# Task data
════════════════════

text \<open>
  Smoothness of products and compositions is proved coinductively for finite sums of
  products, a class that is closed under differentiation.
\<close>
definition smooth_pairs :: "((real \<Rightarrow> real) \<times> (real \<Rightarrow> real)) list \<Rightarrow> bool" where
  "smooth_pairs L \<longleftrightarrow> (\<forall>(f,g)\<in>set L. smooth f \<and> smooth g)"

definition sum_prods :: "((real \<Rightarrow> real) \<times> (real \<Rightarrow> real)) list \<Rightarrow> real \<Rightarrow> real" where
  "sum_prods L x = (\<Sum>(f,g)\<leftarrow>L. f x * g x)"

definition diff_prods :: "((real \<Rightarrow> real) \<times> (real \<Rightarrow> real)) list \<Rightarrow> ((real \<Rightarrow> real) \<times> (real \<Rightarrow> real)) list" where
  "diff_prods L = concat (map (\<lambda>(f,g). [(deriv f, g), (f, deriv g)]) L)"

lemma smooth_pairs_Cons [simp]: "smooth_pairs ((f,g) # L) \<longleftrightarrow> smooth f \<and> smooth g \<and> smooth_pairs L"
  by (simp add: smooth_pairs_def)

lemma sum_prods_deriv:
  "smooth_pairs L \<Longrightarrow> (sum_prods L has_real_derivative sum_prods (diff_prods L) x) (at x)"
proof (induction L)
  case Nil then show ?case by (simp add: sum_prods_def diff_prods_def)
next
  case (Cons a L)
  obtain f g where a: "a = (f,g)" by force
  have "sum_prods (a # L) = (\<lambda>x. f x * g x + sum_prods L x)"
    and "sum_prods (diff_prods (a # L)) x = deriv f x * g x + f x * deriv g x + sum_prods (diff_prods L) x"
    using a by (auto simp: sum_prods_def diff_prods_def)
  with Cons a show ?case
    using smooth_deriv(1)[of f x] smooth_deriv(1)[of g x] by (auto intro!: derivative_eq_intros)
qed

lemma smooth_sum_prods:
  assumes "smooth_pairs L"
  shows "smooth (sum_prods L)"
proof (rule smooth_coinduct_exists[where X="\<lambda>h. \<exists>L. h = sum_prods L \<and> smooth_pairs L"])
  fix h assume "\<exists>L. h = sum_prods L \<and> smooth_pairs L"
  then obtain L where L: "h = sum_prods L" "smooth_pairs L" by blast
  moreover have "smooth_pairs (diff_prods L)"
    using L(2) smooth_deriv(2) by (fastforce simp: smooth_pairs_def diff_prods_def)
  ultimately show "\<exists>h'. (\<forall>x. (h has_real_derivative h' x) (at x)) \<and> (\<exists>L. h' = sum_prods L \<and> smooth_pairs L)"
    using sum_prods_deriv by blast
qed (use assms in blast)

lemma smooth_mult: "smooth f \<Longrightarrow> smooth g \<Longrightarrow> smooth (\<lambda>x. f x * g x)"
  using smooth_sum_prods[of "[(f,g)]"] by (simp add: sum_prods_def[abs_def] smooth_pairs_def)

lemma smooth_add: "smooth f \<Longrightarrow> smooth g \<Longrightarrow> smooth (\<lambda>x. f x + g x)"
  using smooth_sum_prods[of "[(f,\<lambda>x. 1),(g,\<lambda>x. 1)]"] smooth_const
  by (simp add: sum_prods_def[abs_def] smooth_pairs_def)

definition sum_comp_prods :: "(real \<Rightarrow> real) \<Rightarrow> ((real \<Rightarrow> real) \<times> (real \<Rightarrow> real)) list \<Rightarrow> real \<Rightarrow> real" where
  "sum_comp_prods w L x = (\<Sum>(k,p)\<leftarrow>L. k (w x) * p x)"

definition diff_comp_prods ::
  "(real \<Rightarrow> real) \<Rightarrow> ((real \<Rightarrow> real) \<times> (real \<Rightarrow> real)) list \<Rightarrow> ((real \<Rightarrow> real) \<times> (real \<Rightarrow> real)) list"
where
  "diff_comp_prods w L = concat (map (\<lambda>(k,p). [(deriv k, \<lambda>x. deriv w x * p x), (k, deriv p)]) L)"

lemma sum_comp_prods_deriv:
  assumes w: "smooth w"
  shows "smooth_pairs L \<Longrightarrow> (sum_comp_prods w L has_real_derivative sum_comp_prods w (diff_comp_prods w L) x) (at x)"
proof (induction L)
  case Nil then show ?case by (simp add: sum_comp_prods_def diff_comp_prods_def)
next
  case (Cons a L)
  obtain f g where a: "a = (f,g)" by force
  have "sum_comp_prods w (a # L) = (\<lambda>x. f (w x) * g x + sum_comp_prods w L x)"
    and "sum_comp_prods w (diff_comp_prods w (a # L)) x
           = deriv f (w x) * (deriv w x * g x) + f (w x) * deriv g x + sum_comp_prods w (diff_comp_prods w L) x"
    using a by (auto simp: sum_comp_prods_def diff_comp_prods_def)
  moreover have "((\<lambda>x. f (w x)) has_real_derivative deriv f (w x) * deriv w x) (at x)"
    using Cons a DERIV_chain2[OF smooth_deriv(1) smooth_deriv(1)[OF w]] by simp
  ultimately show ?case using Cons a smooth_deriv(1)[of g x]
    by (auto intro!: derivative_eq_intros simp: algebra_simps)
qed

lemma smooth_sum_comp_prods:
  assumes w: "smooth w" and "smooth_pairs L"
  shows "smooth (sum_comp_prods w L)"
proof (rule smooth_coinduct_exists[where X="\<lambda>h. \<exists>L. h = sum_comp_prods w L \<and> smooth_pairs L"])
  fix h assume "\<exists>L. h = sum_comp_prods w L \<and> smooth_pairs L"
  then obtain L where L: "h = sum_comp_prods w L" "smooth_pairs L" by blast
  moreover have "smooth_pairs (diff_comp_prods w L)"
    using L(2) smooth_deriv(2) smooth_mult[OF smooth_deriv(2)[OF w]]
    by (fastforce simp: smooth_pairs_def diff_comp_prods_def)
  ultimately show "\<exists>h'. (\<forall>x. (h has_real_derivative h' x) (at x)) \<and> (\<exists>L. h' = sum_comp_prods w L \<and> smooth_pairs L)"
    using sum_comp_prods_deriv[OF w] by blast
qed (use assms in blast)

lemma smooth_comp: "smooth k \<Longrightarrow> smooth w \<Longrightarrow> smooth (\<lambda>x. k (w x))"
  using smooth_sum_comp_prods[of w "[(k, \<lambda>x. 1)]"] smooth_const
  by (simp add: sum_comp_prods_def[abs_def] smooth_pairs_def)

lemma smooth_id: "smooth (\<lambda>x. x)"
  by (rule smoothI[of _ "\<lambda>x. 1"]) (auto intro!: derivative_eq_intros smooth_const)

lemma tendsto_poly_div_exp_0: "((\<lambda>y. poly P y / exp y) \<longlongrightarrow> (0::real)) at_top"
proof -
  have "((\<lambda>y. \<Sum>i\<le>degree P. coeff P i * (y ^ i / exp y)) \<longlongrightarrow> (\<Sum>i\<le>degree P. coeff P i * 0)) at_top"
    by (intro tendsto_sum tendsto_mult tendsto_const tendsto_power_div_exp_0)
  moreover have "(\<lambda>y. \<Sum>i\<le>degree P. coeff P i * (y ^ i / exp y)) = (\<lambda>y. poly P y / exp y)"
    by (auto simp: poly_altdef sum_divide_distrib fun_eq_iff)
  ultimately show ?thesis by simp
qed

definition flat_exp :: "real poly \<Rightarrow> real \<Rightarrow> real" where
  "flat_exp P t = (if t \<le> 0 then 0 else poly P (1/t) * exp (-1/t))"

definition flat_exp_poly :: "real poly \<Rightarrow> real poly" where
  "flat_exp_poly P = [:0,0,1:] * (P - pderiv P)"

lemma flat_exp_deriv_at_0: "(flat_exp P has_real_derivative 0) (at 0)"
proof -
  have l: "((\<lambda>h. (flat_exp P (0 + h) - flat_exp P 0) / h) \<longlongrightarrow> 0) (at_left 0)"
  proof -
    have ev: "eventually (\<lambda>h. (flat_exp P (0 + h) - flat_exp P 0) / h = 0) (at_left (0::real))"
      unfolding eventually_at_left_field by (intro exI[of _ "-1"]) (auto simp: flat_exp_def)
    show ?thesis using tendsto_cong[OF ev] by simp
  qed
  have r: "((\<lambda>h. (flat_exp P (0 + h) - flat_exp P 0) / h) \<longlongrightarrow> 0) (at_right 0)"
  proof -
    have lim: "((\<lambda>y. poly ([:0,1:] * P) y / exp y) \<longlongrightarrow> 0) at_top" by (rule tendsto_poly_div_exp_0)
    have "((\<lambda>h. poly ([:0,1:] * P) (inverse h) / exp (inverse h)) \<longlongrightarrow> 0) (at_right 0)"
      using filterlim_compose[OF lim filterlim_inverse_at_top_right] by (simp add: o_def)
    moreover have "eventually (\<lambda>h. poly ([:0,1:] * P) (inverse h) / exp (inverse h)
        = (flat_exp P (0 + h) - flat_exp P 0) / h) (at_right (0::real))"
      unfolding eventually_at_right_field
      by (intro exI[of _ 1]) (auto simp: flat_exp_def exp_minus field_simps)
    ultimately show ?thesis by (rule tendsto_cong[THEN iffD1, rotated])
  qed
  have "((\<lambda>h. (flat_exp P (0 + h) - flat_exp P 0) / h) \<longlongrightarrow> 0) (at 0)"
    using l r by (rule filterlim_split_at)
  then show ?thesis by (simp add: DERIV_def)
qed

════════════════════

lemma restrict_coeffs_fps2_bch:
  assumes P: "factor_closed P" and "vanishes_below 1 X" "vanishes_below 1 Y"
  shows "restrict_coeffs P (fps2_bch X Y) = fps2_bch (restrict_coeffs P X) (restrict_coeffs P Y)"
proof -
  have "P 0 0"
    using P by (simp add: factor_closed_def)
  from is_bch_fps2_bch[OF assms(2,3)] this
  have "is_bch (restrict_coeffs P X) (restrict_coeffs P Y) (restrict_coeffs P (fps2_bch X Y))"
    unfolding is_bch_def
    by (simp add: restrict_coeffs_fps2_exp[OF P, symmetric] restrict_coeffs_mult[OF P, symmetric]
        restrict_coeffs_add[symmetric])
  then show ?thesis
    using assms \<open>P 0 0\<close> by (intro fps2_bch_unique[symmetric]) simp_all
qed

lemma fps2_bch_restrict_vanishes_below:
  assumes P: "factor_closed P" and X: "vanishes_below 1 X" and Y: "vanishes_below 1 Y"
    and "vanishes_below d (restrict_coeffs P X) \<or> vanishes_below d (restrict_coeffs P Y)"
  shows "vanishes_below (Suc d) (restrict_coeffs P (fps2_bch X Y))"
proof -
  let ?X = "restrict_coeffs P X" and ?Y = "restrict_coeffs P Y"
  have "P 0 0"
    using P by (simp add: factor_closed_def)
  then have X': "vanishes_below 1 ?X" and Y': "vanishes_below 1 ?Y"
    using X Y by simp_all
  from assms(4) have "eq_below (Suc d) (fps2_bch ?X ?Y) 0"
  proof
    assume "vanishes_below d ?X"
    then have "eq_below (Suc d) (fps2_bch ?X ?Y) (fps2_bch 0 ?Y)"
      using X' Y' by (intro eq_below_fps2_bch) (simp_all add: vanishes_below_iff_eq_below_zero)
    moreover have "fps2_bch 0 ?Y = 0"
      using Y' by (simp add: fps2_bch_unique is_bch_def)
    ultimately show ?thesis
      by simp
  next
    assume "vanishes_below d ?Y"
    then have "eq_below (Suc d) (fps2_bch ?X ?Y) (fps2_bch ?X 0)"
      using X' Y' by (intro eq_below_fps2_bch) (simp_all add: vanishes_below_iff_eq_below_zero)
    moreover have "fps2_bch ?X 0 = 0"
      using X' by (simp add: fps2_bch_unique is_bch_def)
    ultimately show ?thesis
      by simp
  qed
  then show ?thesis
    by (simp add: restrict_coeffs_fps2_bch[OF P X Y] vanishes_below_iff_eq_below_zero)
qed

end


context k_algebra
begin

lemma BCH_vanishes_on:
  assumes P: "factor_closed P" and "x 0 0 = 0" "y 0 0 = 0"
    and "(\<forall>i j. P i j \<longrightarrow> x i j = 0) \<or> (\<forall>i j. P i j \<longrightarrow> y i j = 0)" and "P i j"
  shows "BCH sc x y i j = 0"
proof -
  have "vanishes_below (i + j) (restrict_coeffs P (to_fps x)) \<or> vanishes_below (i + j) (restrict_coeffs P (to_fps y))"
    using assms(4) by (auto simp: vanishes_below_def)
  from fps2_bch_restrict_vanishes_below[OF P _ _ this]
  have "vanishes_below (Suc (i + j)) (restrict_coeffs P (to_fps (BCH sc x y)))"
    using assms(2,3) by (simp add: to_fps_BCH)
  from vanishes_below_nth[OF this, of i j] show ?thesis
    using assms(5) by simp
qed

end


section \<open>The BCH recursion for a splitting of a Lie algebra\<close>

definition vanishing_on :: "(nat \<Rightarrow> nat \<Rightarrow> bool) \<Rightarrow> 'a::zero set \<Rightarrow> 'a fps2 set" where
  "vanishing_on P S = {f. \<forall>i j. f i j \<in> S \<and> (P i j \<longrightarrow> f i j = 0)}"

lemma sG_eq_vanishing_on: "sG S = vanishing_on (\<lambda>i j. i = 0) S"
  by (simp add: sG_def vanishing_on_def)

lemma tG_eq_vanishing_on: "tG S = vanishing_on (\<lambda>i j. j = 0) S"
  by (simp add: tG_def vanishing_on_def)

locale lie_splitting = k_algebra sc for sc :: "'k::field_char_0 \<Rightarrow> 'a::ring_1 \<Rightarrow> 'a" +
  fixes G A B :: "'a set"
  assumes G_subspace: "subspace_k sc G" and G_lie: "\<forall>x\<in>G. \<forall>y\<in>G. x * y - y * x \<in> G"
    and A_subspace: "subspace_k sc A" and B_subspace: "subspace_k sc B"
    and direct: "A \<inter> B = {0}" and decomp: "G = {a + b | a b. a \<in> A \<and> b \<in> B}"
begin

════════════════════

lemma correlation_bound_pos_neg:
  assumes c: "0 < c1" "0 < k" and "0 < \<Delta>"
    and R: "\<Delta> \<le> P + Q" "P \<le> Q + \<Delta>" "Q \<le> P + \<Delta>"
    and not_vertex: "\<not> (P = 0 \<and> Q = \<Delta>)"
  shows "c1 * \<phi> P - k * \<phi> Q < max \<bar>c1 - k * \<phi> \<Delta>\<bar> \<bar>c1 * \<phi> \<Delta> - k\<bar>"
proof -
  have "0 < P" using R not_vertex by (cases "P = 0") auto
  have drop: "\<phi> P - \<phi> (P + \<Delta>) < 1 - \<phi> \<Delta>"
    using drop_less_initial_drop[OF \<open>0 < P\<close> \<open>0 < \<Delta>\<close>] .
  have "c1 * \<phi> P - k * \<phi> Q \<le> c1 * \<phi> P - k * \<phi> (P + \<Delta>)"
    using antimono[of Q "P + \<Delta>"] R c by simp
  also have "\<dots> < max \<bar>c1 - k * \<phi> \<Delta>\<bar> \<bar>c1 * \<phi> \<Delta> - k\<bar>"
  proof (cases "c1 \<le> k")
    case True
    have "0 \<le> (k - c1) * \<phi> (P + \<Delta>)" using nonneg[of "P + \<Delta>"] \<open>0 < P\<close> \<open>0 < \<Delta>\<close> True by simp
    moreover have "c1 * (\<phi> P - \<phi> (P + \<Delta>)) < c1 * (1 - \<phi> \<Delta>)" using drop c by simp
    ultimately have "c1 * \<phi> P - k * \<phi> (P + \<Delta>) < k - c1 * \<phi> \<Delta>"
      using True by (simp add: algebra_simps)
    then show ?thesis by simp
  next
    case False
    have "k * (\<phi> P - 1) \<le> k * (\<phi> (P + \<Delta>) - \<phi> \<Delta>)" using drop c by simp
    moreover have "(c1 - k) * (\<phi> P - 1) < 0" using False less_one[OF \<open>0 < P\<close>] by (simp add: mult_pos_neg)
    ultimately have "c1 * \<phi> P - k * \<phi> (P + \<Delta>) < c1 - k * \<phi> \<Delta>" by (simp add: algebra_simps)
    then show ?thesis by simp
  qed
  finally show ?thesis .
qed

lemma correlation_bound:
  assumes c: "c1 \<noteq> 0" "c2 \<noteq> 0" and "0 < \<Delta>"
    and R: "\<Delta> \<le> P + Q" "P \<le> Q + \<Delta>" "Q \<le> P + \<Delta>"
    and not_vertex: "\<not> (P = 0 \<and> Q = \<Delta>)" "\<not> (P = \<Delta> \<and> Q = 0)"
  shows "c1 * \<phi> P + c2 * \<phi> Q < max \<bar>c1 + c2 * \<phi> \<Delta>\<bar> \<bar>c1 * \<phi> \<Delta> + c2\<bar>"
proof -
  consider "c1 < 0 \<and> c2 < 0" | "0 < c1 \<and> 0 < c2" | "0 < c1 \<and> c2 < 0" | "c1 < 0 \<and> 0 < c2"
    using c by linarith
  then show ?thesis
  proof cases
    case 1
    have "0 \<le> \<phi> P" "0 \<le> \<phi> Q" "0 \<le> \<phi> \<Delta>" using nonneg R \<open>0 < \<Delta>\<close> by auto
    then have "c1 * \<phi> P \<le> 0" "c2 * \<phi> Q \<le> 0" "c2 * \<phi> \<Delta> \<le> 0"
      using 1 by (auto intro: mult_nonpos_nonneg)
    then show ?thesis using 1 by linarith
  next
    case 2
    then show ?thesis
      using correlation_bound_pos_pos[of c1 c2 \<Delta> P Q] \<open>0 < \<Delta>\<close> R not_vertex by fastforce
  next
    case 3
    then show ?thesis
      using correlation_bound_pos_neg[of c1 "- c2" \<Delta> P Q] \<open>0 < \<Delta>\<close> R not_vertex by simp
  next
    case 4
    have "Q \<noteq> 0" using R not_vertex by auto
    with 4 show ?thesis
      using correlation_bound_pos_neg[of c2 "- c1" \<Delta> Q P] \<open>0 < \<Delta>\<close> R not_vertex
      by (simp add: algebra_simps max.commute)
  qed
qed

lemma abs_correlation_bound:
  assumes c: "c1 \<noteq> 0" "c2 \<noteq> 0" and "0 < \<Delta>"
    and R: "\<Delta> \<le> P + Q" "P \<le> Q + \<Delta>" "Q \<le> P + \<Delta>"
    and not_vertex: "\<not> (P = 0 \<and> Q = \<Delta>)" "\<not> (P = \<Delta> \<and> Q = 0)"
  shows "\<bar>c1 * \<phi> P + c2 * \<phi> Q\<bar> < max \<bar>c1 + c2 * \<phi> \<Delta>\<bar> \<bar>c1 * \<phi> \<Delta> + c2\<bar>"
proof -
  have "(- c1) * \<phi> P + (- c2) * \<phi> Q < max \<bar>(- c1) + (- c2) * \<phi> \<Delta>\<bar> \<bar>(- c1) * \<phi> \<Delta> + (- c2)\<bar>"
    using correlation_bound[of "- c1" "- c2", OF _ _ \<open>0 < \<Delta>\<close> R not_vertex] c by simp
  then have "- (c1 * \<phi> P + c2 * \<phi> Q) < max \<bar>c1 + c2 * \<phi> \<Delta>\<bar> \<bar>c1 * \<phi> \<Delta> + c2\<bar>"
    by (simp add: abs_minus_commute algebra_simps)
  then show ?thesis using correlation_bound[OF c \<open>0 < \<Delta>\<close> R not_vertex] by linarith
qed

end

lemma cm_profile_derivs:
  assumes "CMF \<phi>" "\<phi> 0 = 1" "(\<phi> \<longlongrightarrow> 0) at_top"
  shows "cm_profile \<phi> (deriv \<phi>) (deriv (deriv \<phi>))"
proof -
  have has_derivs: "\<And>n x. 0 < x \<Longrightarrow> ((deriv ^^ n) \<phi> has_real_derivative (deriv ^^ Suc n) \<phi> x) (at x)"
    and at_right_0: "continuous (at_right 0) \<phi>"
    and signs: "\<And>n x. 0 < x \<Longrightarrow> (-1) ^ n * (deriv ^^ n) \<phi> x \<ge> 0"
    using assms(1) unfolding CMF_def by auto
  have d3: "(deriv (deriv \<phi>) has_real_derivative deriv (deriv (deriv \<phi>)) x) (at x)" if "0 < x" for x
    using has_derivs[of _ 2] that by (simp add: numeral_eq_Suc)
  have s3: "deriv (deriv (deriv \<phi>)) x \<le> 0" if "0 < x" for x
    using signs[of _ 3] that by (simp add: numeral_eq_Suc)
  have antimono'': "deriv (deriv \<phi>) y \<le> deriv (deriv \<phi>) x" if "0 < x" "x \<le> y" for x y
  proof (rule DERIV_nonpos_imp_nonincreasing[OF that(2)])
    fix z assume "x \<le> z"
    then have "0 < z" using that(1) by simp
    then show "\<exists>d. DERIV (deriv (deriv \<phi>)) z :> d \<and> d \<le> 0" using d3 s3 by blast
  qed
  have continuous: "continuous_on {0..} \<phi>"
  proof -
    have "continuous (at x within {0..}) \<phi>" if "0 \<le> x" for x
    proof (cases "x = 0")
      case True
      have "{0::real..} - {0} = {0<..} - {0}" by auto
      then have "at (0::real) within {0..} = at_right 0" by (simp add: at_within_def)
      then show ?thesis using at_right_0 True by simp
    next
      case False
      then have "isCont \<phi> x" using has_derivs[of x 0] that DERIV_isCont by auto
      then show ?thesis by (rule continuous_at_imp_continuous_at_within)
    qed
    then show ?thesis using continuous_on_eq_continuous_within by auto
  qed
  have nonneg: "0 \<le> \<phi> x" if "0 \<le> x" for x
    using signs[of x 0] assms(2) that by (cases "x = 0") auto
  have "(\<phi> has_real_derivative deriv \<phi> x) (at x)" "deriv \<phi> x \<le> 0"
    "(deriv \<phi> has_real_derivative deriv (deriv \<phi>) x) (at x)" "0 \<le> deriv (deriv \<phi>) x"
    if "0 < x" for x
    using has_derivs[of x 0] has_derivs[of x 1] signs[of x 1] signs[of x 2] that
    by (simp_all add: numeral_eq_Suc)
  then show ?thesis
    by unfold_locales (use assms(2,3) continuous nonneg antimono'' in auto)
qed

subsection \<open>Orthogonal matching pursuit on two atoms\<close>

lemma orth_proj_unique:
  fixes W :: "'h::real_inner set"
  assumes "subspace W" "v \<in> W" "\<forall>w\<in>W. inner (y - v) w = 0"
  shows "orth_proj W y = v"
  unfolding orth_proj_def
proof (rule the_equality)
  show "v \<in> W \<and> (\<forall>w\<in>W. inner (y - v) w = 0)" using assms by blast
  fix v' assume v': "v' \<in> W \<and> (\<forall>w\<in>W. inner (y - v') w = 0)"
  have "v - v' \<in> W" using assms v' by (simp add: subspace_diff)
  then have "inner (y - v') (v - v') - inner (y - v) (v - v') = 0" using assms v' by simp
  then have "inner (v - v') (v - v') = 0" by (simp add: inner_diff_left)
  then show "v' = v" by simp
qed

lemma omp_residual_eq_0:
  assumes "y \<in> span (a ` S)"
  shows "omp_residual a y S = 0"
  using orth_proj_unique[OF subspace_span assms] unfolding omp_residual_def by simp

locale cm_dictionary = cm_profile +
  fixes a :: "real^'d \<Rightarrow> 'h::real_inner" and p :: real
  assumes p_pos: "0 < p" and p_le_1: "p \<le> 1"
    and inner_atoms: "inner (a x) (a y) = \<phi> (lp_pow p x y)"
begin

════════════════════

# Problem statement
Find the number of lines in the records that contain "blast", and write that number only.

# Exercise response
8